University College London Hospitals v KG [2018] EWCOP 29
Essex
39 Essex Chambers have kindly agreed for the following summary to be reproduced below. The remainder of the newsletter can be read here: Media:Essex newsletter 90.pdf.
Novel treatments and best interests
UCLH NHS Trust v KG [2018] EWCOP 29B (Cohen J)
Best interests – medical treatment
Summary and comment[1]
In this case, Cohen J had to decide whether to give authority to administer an entirely novel treatment to a middle-aged man suffering from sporadic CJD. All agreed, including the Official Solicitor’s behalf, that the treatment was in his best interests. It was vitally important that treatment begin immediately, as the man’s condition was progressing rapidly.
In approving the treatment, Cohen J identified that the best interests test, here, could be broken down into the following factors (at paragraph 17):
[first] the nature of the treatment that is proposed, what is involved and what its prospects of success are. Secondly, what are the views of the patient, what does he want and what do his nearest and dearest want? Thirdly, how do I feed into the thought process the fact that this is a novel and experimental treatment.
As to nature, the actual treatment was not hugely invasive, it might require direct placement into the brain, together with continual – and potentially uncomfortable – monitoring. Cohen J identified a series of safeguards that were in place regarding the novelty of the treatment, including (at paragraph 22) that:
Next, the Trust in the middle of this year, anticipating that this sort of case would arise within the reasonably foreseeable future, has been in communication with the Official Solicitor and has had at least one meeting with the Official Solicitor involving the appropriate medical staff. That is a step which I applaud. It means the Official Solicitor has had time to consider all the relevant facts and, even though he was doing so in a vacuum without a patient on hand, it permitted the thought processes about the relevant matters to develop without the pressure of a case that was coming imminently before the courts.
When it came to wishes, it was clear that KG himself wanted it. Perhaps slightly more surprisingly, Cohen J also took into account the wishes of and, impact upon, his family, following Simms v NHS Trust [2002] EWHC 2734 (Fam)B, concerning an (unrelated) 16 year and an 18 year old, in which Dame Elizabeth Butler-Sloss had noted that:
The impact of refusal by this court of granting the declarations on each set of parents and, in one case, 5 siblings, and in the other case, one sibling, would in my view be enormous and palpable. In a finely balanced case I should give the views of the parents and the effect upon them of refusal great weight in the wider considerations of the best interests test which the court has to apply to each patient.
Cohen J had no hesitation in approving the treatment as being in his best interests.
Two further points of importance arose:
- 1. In making the application, the Trust made clear that, following the judgment in Y it [did not][2] propose to bring further applications before the court in the event that it proposes to treat future patients with PRN100 and the patient and his/her family are in agreement. Cohen J demurred, noting that:
30. Obviously I am not dealing with other cases, but I would respectfully suggest that it might be premature to arrive at such a conclusion until the results of this treatment are known. It may be that the benefit or risk analysis changes.

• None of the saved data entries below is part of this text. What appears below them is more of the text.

lemma totient_ratio_in_closure_twin_ratios:
  assumes "dickson_conjecture" "M > 0" "6 dvd M"
  shows "real (totient M) / real M
           \<in> closure {real (totient (p + 1)) / real (totient p) | p :: nat. prime p \<and> prime (p + 2)}"
    (is "_ \<in> closure ?S")
proof -
  define g where "g s = real (totient M) * (real s - 1) / (real M * real s - 2)" for s :: nat
  have lim: "g \<longlonglongrightarrow> real (totient M) / real M"
    using assms(2) unfolding g_def by real_asymp (simp add: divide_inverse)
  have g_twin_ratio: "g s \<in> ?S" if "prime s" "prime (M * s - 1)" "prime (M * s + 1)" "M < s" for s
  proof -
    have "M * s - 1 + 1 = M * s" "M * s - 1 + 2 = M * s + 1"
      using prime_gt_0_nat[OF that(2)] by simp_all
    then show ?thesis
      using that totient_ratio_prime_multiple[of s M] unfolding g_def
      by (intro CollectI exI[of _ "M * s - 1"]) simp
  qed
  show ?thesis
    unfolding closure_approachable
  proof (intro allI impI)
    fix \<epsilon> :: real assume "\<epsilon> > 0"
    then obtain N where N: "\<And>s. s \<ge> N \<Longrightarrow> dist (g s) (real (totient M) / real M) < \<epsilon>"
      using lim unfolding lim_sequentially by blast
    obtain s where "s \<ge> max N (Suc M)" "s \<in> {s. prime s \<and> prime (M * s - 1) \<and> prime (M * s + 1)}"
      using dickson_prime_triples[OF assms] unfolding infinite_nat_iff_unbounded_le by blast
    then show "\<exists>y\<in>?S. dist y (real (totient M) / real M) < \<epsilon>"
      using g_twin_ratio N by (intro bexI[of _ "g s"]) auto
  qed
qed

theorem theorem3:
  assumes "dickson_conjecture"
  shows "{0..1/3} \<subseteq> closure {real (totient (p + 1)) / real (totient p) | p :: nat.
                                 prime p \<and> prime (p + 2)}"
proof -
  let ?S = "{real (totient (p + 1)) / real (totient p) | p :: nat. prime p \<and> prime (p + 2)}"
  have "{real (totient M) / real M | M. M > 0 \<and> 6 dvd M} \<subseteq> closure ?S"
    using totient_ratio_in_closure_twin_ratios[OF assms] by blast
  then have "closure {real (totient M) / real M | M. M > 0 \<and> 6 dvd M} \<subseteq> closure ?S"
    by (rule closure_minimal) simp
  with closure_totient_ratios_multiples_of_6 show ?thesis
    by (rule order_trans)
qed

end
lemma fan_exit_path:
  assumes conn: "\<And>X. X \<subseteq> V \<Longrightarrow> finite X \<Longrightarrow> card X < k \<Longrightarrow> connected_on (V - X) E"
    and fan: "fan V E x B Ps" and "card Ps < k" "B \<subseteq> V" "k \<le> card B \<or> infinite B"
  obtains T where "is_path V E T" "set T \<inter> insert x (\<Union>(set ` Ps)) = {hd T}"
    "set T \<inter> B = {last T}" "last T \<notin> last ` Ps"
proof -
  define X where "X = last ` Ps"
  have X: "finite X" "card X < k" "X \<subseteq> B"
    using fanD(3)[OF fan] card_last_fan[OF fan] fan_last_in[OF fan] assms(3) unfolding X_def by auto
  have "\<not> B \<subseteq> X"
  proof
    assume "B \<subseteq> X"
    then have "finite B" "card B \<le> card X" using X(1) by (auto intro: finite_subset card_mono)
    then show False using X(2) assms(5) by simp
  qed
  then obtain b where b: "b \<in> V - X" "b \<in> B" using assms(4) by blast
  have conn_X: "connected_on (V - X) E" by (rule conn) (use X assms(4) in auto)
  have "x \<in> V - X" using fanD(1,2)[OF fan] X(3) by blast
  then obtain R where R: "is_path V E R" "hd R = x" "set R \<inter> X = {}" "set R \<inter> B = {last R}"
    by (rule connected_on_path_to[OF conn_X _ b])
  define S where "S = insert x (\<Union>(set ` Ps))"
  have "x \<in> set R" "x \<in> S" using R(1,2) hd_in_set unfolding S_def by (auto simp: is_path_iff)
  then obtain R1 y R2 where Rs: "R = R1 @ y # R2" "y \<in> S" "\<forall>v\<in>set R2. v \<notin> S"
    using split_list_last_prop[of R "\<lambda>v. v \<in> S"] by blast
  have "is_path V E (y # R2)" using is_path_appendD2[of V E R1 "y # R2"] R(1) Rs(1) by simp
  moreover have "set (y # R2) \<inter> S = {hd (y # R2)}" using Rs(2,3) by auto
  moreover have "set (y # R2) \<subseteq> set R" "last (y # R2) = last R" using Rs(1) by auto
  then have "set (y # R2) \<inter> B = {last (y # R2)}" by (rule subset_meets_at_last) (simp_all add: R(4))
  moreover have "last (y # R2) \<notin> X"
    using R(3) \<open>set (y # R2) \<subseteq> set R\<close> last_in_set[of "y # R2"] by blast
  ultimately show thesis using that unfolding S_def X_def by blast
qed

lemma exit_path_from_spoke:
  assumes fan: "fan V E x B Ps" and T: "T \<noteq> []" "set T \<inter> insert x (\<Union>(set ` Ps)) = {hd T}"
    "set T \<inter> B = {last T}" "last T \<notin> last ` Ps" "hd T \<noteq> x"
  obtains P1 T1 where "P1 @ T1 \<in> Ps" "P1 \<noteq> []" "T1 \<noteq> []" "hd T1 = hd T" "hd T1 \<notin> B"
proof -
  obtain P where P: "P \<in> Ps" "hd T \<in> set P" using T(2,5) hd_in_set[OF T(1)] by blast
  then obtain P1 P2 where Ps: "P = P1 @ hd T # P2" using split_list by metis
  have "P1 \<noteq> []" using fanD(5)[OF fan P(1)] Ps T(5) by auto
  moreover have "hd T \<notin> B"
  proof
    assume "hd T \<in> B"
    then have "hd T = last T" "hd T = last P"
      using T(3) hd_in_set[OF T(1)] fanD(6)[OF fan P(1)] P(2) by blast+
    then show False using T(4) rev_image_eqI[OF P(1), of "last T" last] by simp
  qed
  ultimately show thesis using that[of P1 "hd T # P2"] P(1) Ps by simp
qed

text \<open>Induction on the number of fan vertices outside the target. An exit path T from the
  fan to B avoiding the current endpoints either starts at the hub and is simply added, or
  leaves a spoke P1 @ T1 at y = hd T1. In that case the spoke is cut at y and T1 and T are
  added to the target, which lowers the measure; a larger fan for the enlarged target is then
  prolonged along the two branches T1 and T at y.\<close>
lemma fan_augment:
  assumes conn: "\<And>X. X \<subseteq> V \<Longrightarrow> finite X \<Longrightarrow> card X < k \<Longrightarrow> connected_on (V - X) E"
  shows "fan V E x B Ps \<Longrightarrow> card Ps < k \<Longrightarrow> B \<subseteq> V \<Longrightarrow> k \<le> card B \<or> infinite B
    \<Longrightarrow> \<exists>Qs. fan V E x B Qs \<and> card Ps < card Qs \<and> last ` Ps \<subseteq> last ` Qs"
proof (induction "card (\<Union>(set ` Ps) - B)" arbitrary: B Ps rule: less_induct)
  case less
  note fan = less.prems(1)
  obtain T where T: "is_path V E T" "set T \<inter> insert x (\<Union>(set ` Ps)) = {hd T}"
    "set T \<inter> B = {last T}" "last T \<notin> last ` Ps"
    by (rule fan_exit_path[OF conn less.prems])
  have T_ne: "T \<noteq> []" using T(1) by (simp add: is_path_iff)
  show ?case
  proof (cases "hd T = x")
    case True
    have "set T \<inter> set p = {x}" if "p \<in> Ps" for p
    proof -
      have "x \<in> set p" using fanD(4,5)[OF fan that] hd_in_set by (auto simp: is_path_iff)
      then show ?thesis using T(2) True that T_ne hd_in_set[OF T_ne] by blast
    qed
    then have "fan V E x B (insert T Ps)" using fan_insert[OF fan T(1) True T(3)] by blast
    moreover have "T \<notin> Ps" using T(4) by auto
    ultimately show ?thesis using fanD(3)[OF fan] by (intro exI[of _ "insert T Ps"]) auto
  next
    case False
    then obtain P1 T1 where P: "P1 @ T1 \<in> Ps" "P1 \<noteq> []" "T1 \<noteq> []" "hd T1 = hd T" "hd T1 \<notin> B"
      by (rule exit_path_from_spoke[OF fan T_ne T(2-4)])
    define B' where "B' = B \<union> set T1 \<union> set T"
    define Ps' where "Ps' = insert (P1 @ [hd T1]) (Ps - {P1 @ T1})"
    note ctx = fan P(1-3,5) T(1) P(4)[symmetric] T(3) T(2)[folded P(4)] B'_def Ps'_def
    have "B' \<subseteq> V" using less.prems(3) T(1) fanD(4)[OF fan P(1)]
      unfolding B'_def by (auto simp: is_path_iff)
    moreover have "k \<le> card B' \<or> infinite B'"
    proof (cases "finite B'")
      case True
      then have "card B \<le> card B'" "finite B" by (auto simp: B'_def intro: card_mono)
      then show ?thesis using less.prems(4) by auto
    qed simp
    ultimately obtain Qs where "fan V E x B' Qs" "card Ps' < card Qs" "last ` Ps' \<subseteq> last ` Qs"
      using less.hyps[OF reroute_decreases[OF ctx] fan_reroute[OF ctx]] card_reroute[OF ctx] less.prems(2)
      by auto
    then show ?thesis by (rule fan_recombine[OF ctx T(4)])
  qed
qed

31. I do, of course, accept that these cases are extremely urgent and they must be brought on to a hearing with great speed. That this can be done is evidenced by this case, an application issued I think on Thursday last week, possibly Wednesday, and is now before me for a final hearing on the Monday of the following week.
- 2. The Official Solicitor invited the court to persuade the court that the Bolam test was one that should be adopted, drawing attention to the passage in Simms at paragraph 42, where the President had said:
First [the doctor] must act at all times in accordance with a responsible and competent body of relevant professional opinion, generally described as the 'Bolam test' ... [Secondly] ... a duty to act in the best interests of a mentally incapacitated patient.

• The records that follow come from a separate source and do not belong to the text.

(* Let $s\ge1$ be a real number and let $X\subseteq Y\subseteq V$. If $X$ is $s$-sparse in $Y$, then $w(X)\le \frac{1}{s}\,w(Y)$.
   Context: Let $G$ be a finite graph with vertex set $V$, $|V|=n$, and $t=\chi_f(G)$. Fix a weight function $w:V\to\mathbb{R}_{\ge0}$ with $w(V)=t$ and $w(I)\le 1$ for every independent set $I$ of $G$, where $w(A)=\sum_{v\in A}w(v)$. List the vertices as $v_1,\dots,v_n$ so that $w(v_{i+1})\le w(v_i)$ for all $i$. Every subset $X\subseteq V$ is ordered according to this ordering of $V$, and $X_k$ denotes the set of the first $k$ elements of $X$; for real $s\ge1$, $X_s:=X_{\lfloor s\rfloor}$. For real $s\ge1$ and $Y\subseteq V$, a nonempty subset $X\subseteq Y$ is called $s$-principal in $Y$ if $X\subseteq Y_{s|X|}$ (i.e., all elements of $X$ are among the first $\lfloor s|X|\rfloor$ elements of $Y$). A subset $X\subseteq Y$ is called $s$-sparse in $Y$ if $X$ contains no subset that is $s$-principal in $Y$. *)

theory Defs
  imports Complex_Main
begin

definition simple_graph :: "'a set \<Rightarrow> ('a \<Rightarrow> 'a \<Rightarrow> bool) \<Rightarrow> bool" where
  "simple_graph V E \<longleftrightarrow> finite V \<and> (\<forall>u v. E u v \<longrightarrow> u \<in> V \<and> v \<in> V)
     \<and> (\<forall>u v. E u v \<longrightarrow> E v u) \<and> (\<forall>v. \<not> E v v)"

definition independent :: "'a set \<Rightarrow> ('a \<Rightarrow> 'a \<Rightarrow> bool) \<Rightarrow> 'a set \<Rightarrow> bool" where
  "independent V E I \<longleftrightarrow> I \<subseteq> V \<and> (\<forall>u\<in>I. \<forall>v\<in>I. \<not> E u v)"

definition frac_chromatic :: "'a set \<Rightarrow> ('a \<Rightarrow> 'a \<Rightarrow> bool) \<Rightarrow> real" where
  "frac_chromatic V E = Inf {(\<Sum>I\<in>{I. independent V E I}. f I) | f.
      (\<forall>I. 0 \<le> f I) \<and> (\<forall>v\<in>V. 1 \<le> (\<Sum>I\<in>{I. independent V E I \<and> v \<in> I}. f I))}"

text \<open>The fixed ordering of V is a list vs (v_1,...,v_n). A subset Y is ordered
  accordingly; prefix Y k is the set of its first k elements, and for real s,
  Y_s = Y_{floor s}.\<close>
definition prefix_set :: "'a list \<Rightarrow> 'a set \<Rightarrow> nat \<Rightarrow> 'a set" where
  "prefix_set vs Y k = set (take k (filter (\<lambda>v. v \<in> Y) vs))"

definition principal :: "'a list \<Rightarrow> real \<Rightarrow> 'a set \<Rightarrow> 'a set \<Rightarrow> bool" where
  "principal vs s Y X \<longleftrightarrow> X \<noteq> {} \<and> X \<subseteq> Y \<and>
     X \<subseteq> prefix_set vs Y (nat \<lfloor>s * real (card X)\<rfloor>)"

definition sparse :: "'a list \<Rightarrow> real \<Rightarrow> 'a set \<Rightarrow> 'a set \<Rightarrow> bool" where
  "sparse vs s Y X \<longleftrightarrow> X \<subseteq> Y \<and> \<not> (\<exists>Z\<subseteq>X. principal vs s Y Z)"

end

theory Submission
  imports Defs
begin

text \<open>Sparsity of X in Y, applied to Z = X \<inter> Y_k, gives s |X \<inter> Y_k| \<le> k for every prefix Y_k.
  Both sides of s w(X) \<le> w(Y) are linear in w, and a nonincreasing nonnegative weight on Y
  is a nonnegative combination of indicator functions of prefixes Y_k; for the indicator of
  Y_k the inequality is exactly the prefix bound.\<close>

lemma prefix_set_mono:
  "k \<le> m \<Longrightarrow> prefix_set vs Y k \<subseteq> prefix_set vs Y m"
  unfolding prefix_set_def by (rule set_take_subset_set_take)

lemma sparse_prefix_card_bound:
  assumes "sparse vs s Y X"
  shows "s * real (card (X \<inter> prefix_set vs Y k)) \<le> real k"
proof (cases "X \<inter> prefix_set vs Y k = {}")
  case False
  let ?Z = "X \<inter> prefix_set vs Y k"
  have "\<not> principal vs s Y ?Z"
    using assms unfolding sparse_def by blast
  then have "\<not> ?Z \<subseteq> prefix_set vs Y (nat \<lfloor>s * real (card ?Z)\<rfloor>)"
    using False assms unfolding principal_def sparse_def by blast
  then have "nat \<lfloor>s * real (card ?Z)\<rfloor> < k"
    using prefix_set_mono[of k "nat \<lfloor>s * real (card ?Z)\<rfloor>" vs Y]
    by (meson Int_lower2 leI order_trans)
  then show ?thesis by linarith
qed simp

lemma scaled_sum_le_sum_if_prefix_counts_bounded:
  fixes f :: "'a \<Rightarrow> real" and s :: real
  assumes "distinct ys" and "\<forall>v\<in>set ys. 0 \<le> f v" and "sorted_wrt (\<lambda>x y. f y \<le> f x) ys"
    and "X \<subseteq> set ys" and "0 \<le> s"
    and "\<forall>k. s * real (card (X \<inter> set (take k ys))) \<le> real k"
  shows "s * sum f X \<le> sum f (set ys)"
  using assms
proof (induction ys arbitrary: f X rule: rev_induct)
  case Nil
  then show ?case by simp
next
  case (snoc y ys)
  define g where "g x = f x - f y" for x
  have "y \<notin> set ys" and "distinct ys"
    using snoc.prems(1) by auto
  have "finite X"
    using snoc.prems(4) finite_subset by blast
  have "f y \<ge> 0"
    using snoc.prems(2) by simp
  have "\<forall>v\<in>set ys. 0 \<le> g v" and "sorted_wrt (\<lambda>x y. g y \<le> g x) ys"
    using snoc.prems(3) by (auto simp: g_def sorted_wrt_append)
  moreover have "X - {y} \<subseteq> set ys"
    using snoc.prems(4) by auto
  moreover have "\<forall>k. s * real (card ((X - {y}) \<inter> set (take k ys))) \<le> real k"
  proof
    fix k
    have "(X - {y}) \<inter> set (take k ys) \<subseteq> X \<inter> set (take k (ys @ [y]))"
      by auto
    then have "card ((X - {y}) \<inter> set (take k ys)) \<le> card (X \<inter> set (take k (ys @ [y])))"
      using \<open>finite X\<close> by (intro card_mono) auto
    then have "s * card ((X - {y}) \<inter> set (take k ys)) \<le> s * card (X \<inter> set (take k (ys @ [y])))"
      using snoc.prems(5) by (simp add: mult_left_mono)
    also have "\<dots> \<le> k"
      using snoc.prems(6) by blast
    finally show "s * real (card ((X - {y}) \<inter> set (take k ys))) \<le> real k" .
  qed
  ultimately have IH: "s * sum g (X - {y}) \<le> sum g (set ys)"
    using snoc.IH[of g "X - {y}"] \<open>distinct ys\<close> snoc.prems(5) by blast
  have "s * real (card X) \<le> real (length ys + 1)"
    using snoc.prems(4) spec[OF snoc.prems(6), of "length ys + 1"] by (simp add: Int_absorb2)
  then have total: "s * (f y * card X) \<le> f y * (length ys + 1)"
    using mult_left_mono[OF _ \<open>f y \<ge> 0\<close>] by (metis mult.left_commute)
  have "sum f X = sum g X + f y * card X"
    by (simp add: g_def sum_subtractf)
  also have "sum g X = sum g (X - {y})"
    using \<open>finite X\<close> by (simp add: sum_diff1 g_def)
  finally have "sum f X = sum g (X - {y}) + f y * card X" .
  moreover have "sum f (set (ys @ [y])) = sum g (set ys) + f y * (length ys + 1)"
    using \<open>y \<notin> set ys\<close> distinct_card[OF \<open>distinct ys\<close>]
    by (simp add: g_def sum_subtractf algebra_simps)
  ultimately show ?case
    using IH total by (simp add: algebra_simps)
qed

theorem lemma4:
  fixes V :: "'a set" and E :: "'a \<Rightarrow> 'a \<Rightarrow> bool" and w :: "'a \<Rightarrow> real"
    and vs :: "'a list" and s :: real and X Y :: "'a set"
  assumes G: "simple_graph V E"
    and w_nonneg: "\<forall>v\<in>V. 0 \<le> w v"
    and w_total: "(\<Sum>v\<in>V. w v) = frac_chromatic V E"
    and w_indep: "\<forall>I. independent V E I \<longrightarrow> (\<Sum>v\<in>I. w v) \<le> 1"
    and vs_enum: "distinct vs" "set vs = V"
    and vs_sorted: "\<forall>i. Suc i < length vs \<longrightarrow> w (vs ! Suc i) \<le> w (vs ! i)"
    and s: "1 \<le> s"
    and XY: "X \<subseteq> Y" "Y \<subseteq> V"
    and sp: "sparse vs s Y X"
  shows "(\<Sum>v\<in>X. w v) \<le> (1 / s) * (\<Sum>v\<in>Y. w v)"
proof -
  define ys where "ys = filter (\<lambda>v. v \<in> Y) vs"
  have "set ys = Y" and "distinct ys"
    using XY vs_enum by (auto simp: ys_def)
  have "sorted_wrt (\<lambda>x y. w y \<le> w x) vs"
    using vs_sorted by (simp add: sorted_wrt_iff_nth_Suc_transp transp_def)
  then have "sorted_wrt (\<lambda>x y. w y \<le> w x) ys"
    unfolding ys_def by (rule sorted_wrt_filter)
  moreover have "\<forall>k. s * real (card (X \<inter> set (take k ys))) \<le> real k"
    using sparse_prefix_card_bound[OF sp] by (simp add: prefix_set_def ys_def)
  ultimately have "s * sum w X \<le> sum w Y"
    using scaled_sum_le_sum_if_prefix_counts_bounded[of ys w X s] \<open>set ys = Y\<close> \<open>distinct ys\<close>
      w_nonneg XY s by auto
  then show ?thesis
    using s by (simp add: field_simps)
qed

end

However, Cohen J declined to do so, noting (at paragraph 33) that
Simms was a case that pre-dated the Mental Capacity Act, and I do not think it is helpful to layer an additional level of test on top of those which are set out in the Mental Capacity Act.
The test is therefore simply that contained in the MCA, although we would suggest that a doctor who was acting entirely outside the scope of a body of relevant professional opinion would in the ordinary run of events have a difficult time explaining how they could be said reasonably to be acting in the best interests of the patient to whom they were administering the treatment.